Woodcrest Baptist Academy (WBA) is a fundamentalist Christian K-12 school located in Fridley, Minnesota, founded in 1973 by members of Woodcrest Baptist Church. WBA is a member of the American Association of Christian Schools(AACS) and the Minnesota Association of Christian Schools(MACS).

History
It was started by members of Woodcrest Baptist Church in fall of 1973, and run by head pastor, Dr. Clarke Poorman. After he retired, his son Pastor Mark Poorman, took over the responsibilities as superintendent of the school, and pastor of the church. The younger Poorman has been involved with the school in some capacity since 1985. WBA started with 30 students and used the Accelerated Christian Education (ACE) curriculum. When enrollment reached over 100 students the educational curriculum was changed to A Beka books put out my Pensacola Christian College in Pensacola, Florida.

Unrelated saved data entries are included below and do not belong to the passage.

(*
  Let A be an admissible cover, U a member of A with compact complement K, and delta a
  Lebesgue number of A. Split an orbit segment x, T x, ..., T^(n-1) x at the first time j
  it enters K: before j it stays in U, and from j on it delta-shadows in d_(n-j) the centre
  of one of at most N_K(B_(d_n)(delta)) Bowen balls covering K, so it lies in a member of
  A^n determined by j and that centre. Hence N(A^n) <= 1 + n N_K(B_(d_n)(delta)), which
  compares the growth rates; the limit defining h(T) exists by Fekete's lemma because
  N(A^n) is submultiplicative. The second inequality is immediate from N_K <= N.
*)

subsection \<open>Cylinders and joins of covers\<close>

definition cylinder :: "('a \<Rightarrow> 'a) \<Rightarrow> nat \<Rightarrow> (nat \<Rightarrow> 'a set) \<Rightarrow> 'a set" where
  "cylinder T n f = (\<Inter>i<n. (T ^^ i) -` f i)"

lemma cylinder_0 [simp]: "cylinder T 0 f = UNIV"
  by (simp add: cylinder_def)

lemma cylinder_Suc: "cylinder T (Suc n) f = cylinder T n f \<inter> (T ^^ n) -` f n"
  by (auto simp: cylinder_def lessThan_Suc)

lemma cylinder_cong: "(\<And>i. i < n \<Longrightarrow> f i = g i) \<Longrightarrow> cylinder T n f = cylinder T n g"
  by (simp add: cylinder_def)

lemma mem_cylinder_iff: "x \<in> cylinder T n f \<longleftrightarrow> (\<forall>i<n. (T ^^ i) x \<in> f i)"
  by (auto simp: cylinder_def)

lemma cylinder_add:
  "cylinder T (m + n) (\<lambda>i. if i < m then f i else g (i - m)) =
     cylinder T m f \<inter> (T ^^ m) -` cylinder T n g"
proof (rule set_eqI)
  fix x
  have split: "(\<forall>i<m + n. P i) \<longleftrightarrow> (\<forall>i<m. P i) \<and> (\<forall>i<n. P (m + i))" for P
    by (metis add_less_cancel_left le_add_diff_inverse not_le trans_less_add1)
  have "(T ^^ (m + i)) x = (T ^^ i) ((T ^^ m) x)" for i
    by (simp add: funpow_add add.commute)
  then show "x \<in> cylinder T (m + n) (\<lambda>i. if i < m then f i else g (i - m)) \<longleftrightarrow>
      x \<in> cylinder T m f \<inter> (T ^^ m) -` cylinder T n g"
    unfolding mem_cylinder_iff Int_iff vimage_eq split by simp
qed

lemma cover_pow_Suc:
  "0 < n \<Longrightarrow> cover_pow T A (Suc n) = cover_join (cover_pow T A n) (cover_preimage (T ^^ n) A)"
  by (cases n) simp_all

lemma cover_pow_memD:
  assumes "0 < n" "S \<in> cover_pow T A n"
  shows "\<exists>f. (\<forall>i<n. f i \<in> A) \<and> S = cylinder T n f"
  using assms
proof (induction n arbitrary: S rule: nat_induct_non_zero)
  case 1
  then show ?case
    by (intro exI[of _ "\<lambda>_. S"]) (simp add: cylinder_Suc)
next
  case (Suc n)
  then obtain a c where S: "S = a \<inter> (T ^^ n) -` c" and a: "a \<in> cover_pow T A n" and c: "c \<in> A"
    by (auto simp: cover_pow_Suc cover_join_def cover_preimage_def)
  obtain f where f: "\<forall>i<n. f i \<in> A" "a = cylinder T n f"
    using Suc.IH[OF a] by blast
  have "S = cylinder T (Suc n) (f(n := c))"
    using S f(2) by (simp add: cylinder_Suc cong: cylinder_cong)
  moreover have "\<forall>i<Suc n. (f(n := c)) i \<in> A"
    using f(1) c by (simp add: less_Suc_eq)
  ultimately show ?case by blast
qed

lemma cover_pow_memI:
  assumes "0 < n" "\<forall>i<n. f i \<in> A" "cylinder T n f \<noteq> {}"
  shows "cylinder T n f \<in> cover_pow T A n"
  using assms
proof (induction n rule: nat_induct_non_zero)
  case 1
  then show ?case by (simp add: cylinder_Suc)
next
  case (Suc n)
  then have "cylinder T n f \<in> cover_pow T A n"
    by (intro Suc.IH) (auto simp: cylinder_Suc)
  moreover have "(T ^^ n) -` f n \<in> cover_preimage (T ^^ n) A"
    using Suc.prems(1) by (simp add: cover_preimage_def)
  ultimately show ?case
    using Suc.hyps Suc.prems(2) by (auto simp: cover_pow_Suc cover_join_def cylinder_Suc)
qed
lemma Amult_Ainv_eq_iff:
  assumes "Aunit f e" "Aelem f q"
  shows "q = Amult f (Ainv f e) p \<longleftrightarrow> (\<forall>\<theta>\<in>\<Omega>. poly q \<theta> * poly e \<theta> = poly p \<theta>)"
proof
  assume q: "q = Amult f (Ainv f e) p"
  show "\<forall>\<theta>\<in>\<Omega>. poly q \<theta> * poly e \<theta> = poly p \<theta>"
  proof
    fix \<theta> assume \<theta>: "\<theta> \<in> \<Omega>"
    have "poly q \<theta> * poly e \<theta> = (poly (Ainv f e) \<theta> * poly e \<theta>) * poly p \<theta>"
      using q \<theta> by (simp add: poly_Amult)
    then show "poly q \<theta> * poly e \<theta> = poly p \<theta>"
      using poly_Ainv[OF assms(1) \<theta>] by simp
  qed
next
  assume p: "\<forall>\<theta>\<in>\<Omega>. poly q \<theta> * poly e \<theta> = poly p \<theta>"
  show "q = Amult f (Ainv f e) p"
  proof (rule Aelem_eqI[OF assms(2) Aelem_Amult])
    fix \<theta> assume \<theta>: "\<theta> \<in> \<Omega>"
    have "poly q \<theta> = poly (Ainv f e) \<theta> * (poly q \<theta> * poly e \<theta>)"
      using poly_Ainv[OF assms(1) \<theta>] by (simp add: algebra_simps)
    also have "\<dots> = poly (Ainv f e) \<theta> * poly p \<theta>"
      using bspec[OF p \<theta>] by simp
    finally show "poly q \<theta> = poly (Amult f (Ainv f e) p) \<theta>"
      using \<theta> by (simp add: poly_Amult)
  qed
qed

lemma Lsub_eq:
  assumes "Aunit f e"
  shows "Lsub f e = {q. Aelem f q \<and> affine_on \<Omega> (\<lambda>\<theta>. poly q \<theta> * poly e \<theta>)}"
proof (intro set_eqI iffI)
  fix q assume "q \<in> Lsub f e"
  then obtain s t where q: "q = Amult f (Ainv f e) [:t, s:]"
    unfolding Lsub_def by blast
  then have "\<forall>\<theta>\<in>\<Omega>. poly q \<theta> * poly e \<theta> = poly [:t, s:] \<theta>"
    using Amult_Ainv_eq_iff[OF assms, of q] Aelem_Amult by blast
  then have "\<forall>\<theta>\<in>\<Omega>. poly q \<theta> * poly e \<theta> = s * \<theta> + t"
    by (simp add: algebra_simps)
  then show "q \<in> {q. Aelem f q \<and> affine_on \<Omega> (\<lambda>\<theta>. poly q \<theta> * poly e \<theta>)}"
    unfolding affine_on_def using q Aelem_Amult by blast
next
  fix q assume "q \<in> {q. Aelem f q \<and> affine_on \<Omega> (\<lambda>\<theta>. poly q \<theta> * poly e \<theta>)}"
  then obtain s t where q: "Aelem f q" and st: "\<forall>\<theta>\<in>\<Omega>. poly q \<theta> * poly e \<theta> = s * \<theta> + t"
    unfolding affine_on_def by blast
  then have "q = Amult f (Ainv f e) [:t, s:]"
    using Amult_Ainv_eq_iff[OF assms q] by (simp add: algebra_simps)
  then show "q \<in> Lsub f e"
    unfolding Lsub_def by blast
qed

Later the mathematics curriculum was changed to Saxon math for grades 5th-12th.

Facilities
Located at 6875 University Ave NE Fridley, MN 55432 WBA shares its building with Woodcrest Baptist Church. In 1976 the administration decided to add on an educational wing that included 13 classrooms that were added to the church building. A 10,000 square foot building that contained offices, gymnasium, locker rooms, concession area, and a classroom was built in 1986.

Mission
Per the organisation: Woodcrest Baptist Academy, a ministry of Woodcrest Baptist Church, exists to help parents raise their children to live effectively in God’s World, and to prepare students academically, physically, socially, and spiritually for service to God and country.

Programs
The average class size is 20 students. In high school and junior high two grades have class together (ex. 9th grade with 10th grade and 11th grade with 12th grade), this allows the small number of faculty members to teach all of the content and grade levels more effectively. For subjects such as math that are based on cumulative knowledge each grade is taught individually.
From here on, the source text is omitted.